text \<open>Write each letter b of A_j as b = phi_j(b) 1_j + b' with phi_j(b') = 0. Expanding the
  letters left of a one at a time, the centered parts accumulate in an alternating centered
  prefix c, and by the unit rule a unit 1_j following c is deleted if c followed by j is
  increasing and kills the word otherwise. A centered alternating prefix that is not increasing,
  or is followed by a letter of smaller index than its last one, kills the word whatever follows:
  expanding the suffix in the same way, every unit term dies and every centered term keeps a
  non-increasing centered prefix, until the whole word is centered and alternating. At the letter
  a itself the prefix ends below i and v starts below i, so the unit term of a is absorbed and
  its centered term vanishes. Neighbouring letters of the same algebra can always be merged.\<close>

lemma valid_word_Nil [simp]: "valid_word A []"
  and valid_word_Cons [simp]: "valid_word A ((i, a) # w) \<longleftrightarrow> a \<in> carr (A i) \<and> valid_word A w"
  and valid_word_append [simp]: "valid_word A (u @ v) \<longleftrightarrow> valid_word A u \<and> valid_word A v"
  by (auto simp: valid_word_def)

lemma alternating_iff_distinct_adj [simp]: "alternating w \<longleftrightarrow> distinct_adj (map fst w)"
  by (simp add: alternating_def distinct_adj_conv_nth)

lemma sorted_wrt_less_snoc:
  fixes xs :: "'a::order list"
  shows "sorted_wrt (<) (xs @ [y]) \<longleftrightarrow> sorted_wrt (<) xs \<and> (xs = [] \<or> last xs < y)"
  by (induction xs) (auto dest: order.strict_trans)

lemma
  assumes "unital_star_algebra B"
  shows one_closed [simp]: "one B \<in> carr B"
    and add_closed [simp]: "x \<in> carr B \<Longrightarrow> y \<in> carr B \<Longrightarrow> add B x y \<in> carr B"
    and mul_closed [simp]: "x \<in> carr B \<Longrightarrow> y \<in> carr B \<Longrightarrow> mul B x y \<in> carr B"
    and smul_closed [simp]: "x \<in> carr B \<Longrightarrow> smul B c x \<in> carr B"
    and one_mul [simp]: "x \<in> carr B \<Longrightarrow> mul B (one B) x = x"
  using assms by (simp_all add: unital_star_algebra_def)

definition centering :: "'a star_alg \<Rightarrow> ('a \<Rightarrow> complex) \<Rightarrow> 'a \<Rightarrow> 'a" where
  "centering B f b = add B b (smul B (- f b) (one B))"

lemma centering_closed [simp]:
  "unital_star_algebra B \<Longrightarrow> b \<in> carr B \<Longrightarrow> centering B f b \<in> carr B"
  by (simp add: centering_def)

lemma state_centering [simp]:
  assumes "is_state B f" "unital_star_algebra B" "b \<in> carr B"
  shows "f (centering B f b) = 0"
  using assms by (simp add: is_state_def centering_def)

lemma free_prod_functional_add:
  "free_prod_functional A \<psi> \<Longrightarrow> valid_word A u \<Longrightarrow> valid_word A v \<Longrightarrow>
    a \<in> carr (A i) \<Longrightarrow> b \<in> carr (A i) \<Longrightarrow>
    \<psi> (u @ (i, add (A i) a b) # v) = \<psi> (u @ (i, a) # v) + \<psi> (u @ (i, b) # v)"
  and free_prod_functional_smul:
  "free_prod_functional A \<psi> \<Longrightarrow> valid_word A u \<Longrightarrow> valid_word A v \<Longrightarrow> a \<in> carr (A i) \<Longrightarrow>
    \<psi> (u @ (i, smul (A i) c a) # v) = c * \<psi> (u @ (i, a) # v)"
  and free_prod_functional_mul:
  "free_prod_functional A \<psi> \<Longrightarrow> valid_word A u \<Longrightarrow> valid_word A v \<Longrightarrow>
    a \<in> carr (A i) \<Longrightarrow> b \<in> carr (A i) \<Longrightarrow>
    \<psi> (u @ (i, a) # (i, b) # v) = \<psi> (u @ (i, mul (A i) a b) # v)"
  unfolding free_prod_functional_def by blast+

lemma free_prod_functional_split_letter:
  assumes "free_prod_functional A \<psi>" "unital_star_algebra (A j)"
    and "valid_word A u" "valid_word A v" "b \<in> carr (A j)"
  shows "\<psi> (u @ (j, b) # v) =
    f b * \<psi> (u @ (j, one (A j)) # v) + \<psi> (u @ (j, centering (A j) f b) # v)"
  using assms
  by (simp add: centering_def free_prod_functional_add free_prod_functional_smul)

fun reduce :: "('i \<Rightarrow> 'a star_alg) \<Rightarrow> ('i \<times> 'a) list \<Rightarrow> ('i \<times> 'a) list" where
  "reduce A ((i, a) # (j, b) # w) =
    (if i = j then reduce A ((i, mul (A i) a b) # w) else (i, a) # reduce A ((j, b) # w))"
| "reduce A w = w"

lemma hd_reduce: "fst (hd (reduce A w)) = fst (hd w)"
  by (induction A w rule: reduce.induct) auto

lemma alternating_reduce: "alternating (reduce A w)"
  by (induction A w rule: reduce.induct) (auto simp: distinct_adj_Cons hd_map hd_reduce)

lemma alternating_append_reduce:
  "alternating u \<Longrightarrow> u = [] \<or> w = [] \<or> fst (last u) \<noteq> fst (hd w) \<Longrightarrow>
    alternating (u @ reduce A w)"
  using alternating_reduce[of A w]
  by (auto simp: distinct_adj_append_iff hd_map hd_reduce last_map)

lemma valid_word_reduce:
  "(\<And>i. unital_star_algebra (A i)) \<Longrightarrow> valid_word A w \<Longrightarrow> valid_word A (reduce A w)"
  by (induction A w rule: reduce.induct) auto

lemma free_prod_functional_reduce:
  "free_prod_functional A \<psi> \<Longrightarrow> (\<And>i. unital_star_algebra (A i)) \<Longrightarrow>
    valid_word A u \<Longrightarrow> valid_word A w \<Longrightarrow> \<psi> (u @ reduce A w) = \<psi> (u @ w)"
proof (induction A w arbitrary: u rule: reduce.induct)
  case (1 A i a j b w)
  show ?case
  proof (cases "i = j")
    case True
    then show ?thesis
      using "1.IH"(1)[of u] "1.prems" free_prod_functional_mul[of A \<psi> u w a i b] by simp
  next
    case False
    then show ?thesis using "1.IH"(2)[of "u @ [(i, a)]"] "1.prems" by simp
  qed
qed auto

locale monotone_functional =
  fixes A :: "'i::linorder \<Rightarrow> 'a star_alg"
    and \<phi> :: "'i \<Rightarrow> 'a \<Rightarrow> complex"
    and \<psi> :: "('i \<times> 'a) list \<Rightarrow> complex"
  assumes ncps: "\<And>i. nc_prob_space (A i) (\<phi> i)"
    and lin: "free_prod_functional A \<psi>"
    and centered: "\<And>w. w \<noteq> [] \<Longrightarrow> valid_word A w \<Longrightarrow> alternating w \<Longrightarrow>
                     (\<forall>(j, a)\<in>set w. \<phi> j a = 0) \<Longrightarrow> \<psi> w = 0"
    and unit_rule: "\<And>u i v. valid_word A u \<Longrightarrow> valid_word A v \<Longrightarrow>
                     alternating (u @ (i, one (A i)) # v) \<Longrightarrow>
                     (\<forall>(j, a)\<in>set u. \<phi> j a = 0) \<Longrightarrow>
                     \<psi> (u @ (i, one (A i)) # v) =
                       (if sorted_wrt (<) (map fst u @ [i]) then \<psi> (u @ v) else 0)"
begin

lemma algebra [simp]: "unital_star_algebra (A i)"
  and state: "is_state (A i) (\<phi> i)"
  using ncps by (simp_all add: nc_prob_space_def)

definition centered_alternating :: "('i \<times> 'a) list \<Rightarrow> bool" where
  "centered_alternating c \<longleftrightarrow>
    valid_word A c \<and> alternating c \<and> (\<forall>(j, x)\<in>set c. \<phi> j x = 0)"

lemma psi_reduce: "valid_word A u \<Longrightarrow> valid_word A w \<Longrightarrow> \<psi> (u @ reduce A w) = \<psi> (u @ w)"
  by (rule free_prod_functional_reduce[OF lin algebra])

lemma centered_alternating_Nil [simp]: "centered_alternating []"
  by (simp add: centered_alternating_def)

lemma centered_alternating_snoc:
  "centered_alternating (c @ [(j, x)]) \<longleftrightarrow>
    centered_alternating c \<and> x \<in> carr (A j) \<and> \<phi> j x = 0 \<and> (c = [] \<or> fst (last c) \<noteq> j)"
  by (auto simp: centered_alternating_def distinct_adj_append_iff last_map)

lemma centered_alternating_snoc_centering:
  "centered_alternating c \<Longrightarrow> b \<in> carr (A j) \<Longrightarrow> c = [] \<or> fst (last c) \<noteq> j \<Longrightarrow>
    centered_alternating (c @ [(j, centering (A j) (\<phi> j) b)])"
  by (simp add: centered_alternating_snoc state)

lemma split_letter:
  "valid_word A u \<Longrightarrow> valid_word A v \<Longrightarrow> b \<in> carr (A j) \<Longrightarrow>
    \<psi> (u @ (j, b) # v) =
      \<phi> j b * \<psi> (u @ (j, one (A j)) # v) + \<psi> (u @ (j, centering (A j) (\<phi> j) b) # v)"
  by (rule free_prod_functional_split_letter[OF lin algebra])

lemma centered_prefix_vanishes_alternating:
  assumes "centered_alternating c" "c \<noteq> []" "valid_word A w" "alternating (c @ w)"
    and "w = [] \<or> \<not> sorted_wrt (<) (map fst c @ [fst (hd w)])"
  shows "\<psi> (c @ w) = 0"
  using assms
proof (induction w arbitrary: c)
  case Nil
  then show ?case using centered[of c] by (simp add: centered_alternating_def)
next
  case (Cons x w)
  obtain j b where x: "x = (j, b)" by fastforce
  have b: "b \<in> carr (A j)" and unsorted: "\<not> sorted_wrt (<) (map fst c @ [j])"
    using Cons.prems x by auto
  have "\<psi> (c @ (j, one (A j)) # w) = 0"
    using unit_rule[of c w j] Cons.prems unsorted x by (simp add: centered_alternating_def)
  moreover have "\<psi> ((c @ [(j, centering (A j) (\<phi> j) b)]) @ w) = 0"
  proof (rule Cons.IH)
    show "centered_alternating (c @ [(j, centering (A j) (\<phi> j) b)])"
      using Cons.prems x b
      by (intro centered_alternating_snoc_centering) (auto simp: distinct_adj_append_iff last_map)
    show "w = [] \<or>
        \<not> sorted_wrt (<) (map fst (c @ [(j, centering (A j) (\<phi> j) b)]) @ [fst (hd w)])"
      using unsorted by (auto simp: sorted_wrt_append)
  qed (use Cons.prems x in auto)
  ultimately show ?case
    using split_letter[of c w b j] Cons.prems x b by (simp add: centered_alternating_def)
qed

lemma centered_prefix_vanishes:
  assumes "centered_alternating c" "c \<noteq> []" "valid_word A w"
    and "\<not> sorted_wrt (<) (map fst c) \<or> w = [] \<or> fst (hd w) < fst (last c)"
  shows "\<psi> (c @ w) = 0"
  using assms
proof (induction c arbitrary: w rule: rev_induct)
  case (snoc x c)
  obtain k y where x: "x = (k, y)" by fastforce
  have c: "centered_alternating c" "c = [] \<or> fst (last c) \<noteq> k" and y: "y \<in> carr (A k)"
    using snoc.prems(1) x by (simp_all add: centered_alternating_snoc)
  show ?case
  proof (cases "w \<noteq> [] \<and> fst (hd w) = k")
    case False
    have "\<psi> ((c @ [x]) @ reduce A w) = 0"
    proof (rule centered_prefix_vanishes_alternating)
      show "alternating ((c @ [x]) @ reduce A w)"
        using snoc.prems(1) False x
        by (intro alternating_append_reduce) (auto simp: centered_alternating_def)
      show "reduce A w = [] \<or> \<not> sorted_wrt (<) (map fst (c @ [x]) @ [fst (hd (reduce A w))])"
        using snoc.prems(4) sorted_wrt_less_snoc[of "map fst (c @ [x])" "fst (hd w)"]
        by (auto simp: hd_reduce last_map)
    qed (use snoc.prems valid_word_reduce[of A w, OF algebra] in auto)
    then show ?thesis
      using psi_reduce[of "c @ [x]" w] snoc.prems by (simp add: centered_alternating_def)
  next
    case True
    then obtain z w' where w: "w = (k, z) # w'" by (cases w) auto
    have "c \<noteq> []"
      using snoc.prems(4) x w by auto
    have "\<psi> (c @ (k, mul (A k) y z) # w') = 0"
    proof (rule snoc.IH)
      show "\<not> sorted_wrt (<) (map fst c) \<or> (k, mul (A k) y z) # w' = [] \<or>
          fst (hd ((k, mul (A k) y z) # w')) < fst (last c)"
        using snoc.prems(4) x w c(2) \<open>c \<noteq> []\<close> by (auto simp: sorted_wrt_less_snoc last_map)
    qed (use c y w snoc.prems(3) \<open>c \<noteq> []\<close> in auto)
    then show ?thesis
      using free_prod_functional_mul[OF lin, of c w' y k z] c(1) x y w snoc.prems(3)
      by (simp add: centered_alternating_def)
  qed
qed simp

lemma unit_rule_arbitrary_suffix:
  assumes "centered_alternating c" "c = [] \<or> fst (last c) \<noteq> j" "valid_word A w"
  shows "\<psi> (c @ (j, one (A j)) # w) =
    (if sorted_wrt (<) (map fst c @ [j]) then \<psi> (c @ w) else 0)"
proof (cases "w \<noteq> [] \<and> fst (hd w) = j")
  case False
  have alternating: "alternating ((c @ [(j, one (A j))]) @ reduce A w)"
    using assms(1,2) False
    by (intro alternating_append_reduce)
      (auto simp: centered_alternating_def distinct_adj_append_iff last_map)
  have "\<psi> (c @ (j, one (A j)) # w) = \<psi> ((c @ [(j, one (A j))]) @ reduce A w)"
    using assms psi_reduce[of "c @ [(j, one (A j))]" w] by (simp add: centered_alternating_def)
  also have "\<dots> = (if sorted_wrt (<) (map fst c @ [j]) then \<psi> (c @ reduce A w) else 0)"
    using unit_rule[of c "reduce A w" j] assms valid_word_reduce[of A w, OF algebra] alternating
    by (simp add: centered_alternating_def)
  also have "\<psi> (c @ reduce A w) = \<psi> (c @ w)"
    using assms by (simp add: psi_reduce centered_alternating_def)
  finally show ?thesis .
next
  case True
  then obtain z w' where w: "w = (j, z) # w'" by (cases w) auto
  have merge: "\<psi> (c @ (j, one (A j)) # w) = \<psi> (c @ w)"
    using free_prod_functional_mul[OF lin, of c w' "one (A j)" j z] assms w
    by (simp add: centered_alternating_def)
  have "\<psi> (c @ w) = 0" if unsorted: "\<not> sorted_wrt (<) (map fst c @ [j])"
  proof -
    have "c \<noteq> []" using unsorted by auto
    then have "\<not> sorted_wrt (<) (map fst c) \<or> j < fst (last c)"
      using unsorted assms(2) by (auto simp: sorted_wrt_less_snoc last_map linorder_neq_iff)
    then show ?thesis using centered_prefix_vanishes[of c w] \<open>c \<noteq> []\<close> assms w by auto
  qed
  then show ?thesis using merge by simp
qed

lemma unit_absorbed:
  assumes "centered_alternating c" "c = [] \<or> fst (last c) < j" "valid_word A w"
  shows "\<psi> (c @ (j, one (A j)) # w) = \<psi> (c @ w)"
proof -
  have "\<psi> (c @ w) = 0" if "\<not> sorted_wrt (<) (map fst c @ [j])"
    using centered_prefix_vanishes[of c w] that assms
    by (cases "c = []") (auto simp: sorted_wrt_less_snoc last_map)
  then show ?thesis
    using unit_rule_arbitrary_suffix[of c j w] assms by (auto simp: order.strict_iff_not)
qed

══════════════════════════════

▸ **Required action**: Every line in the records above that holds "increasing" counts once; state the total and nothing else.

▸ **Result below**: 2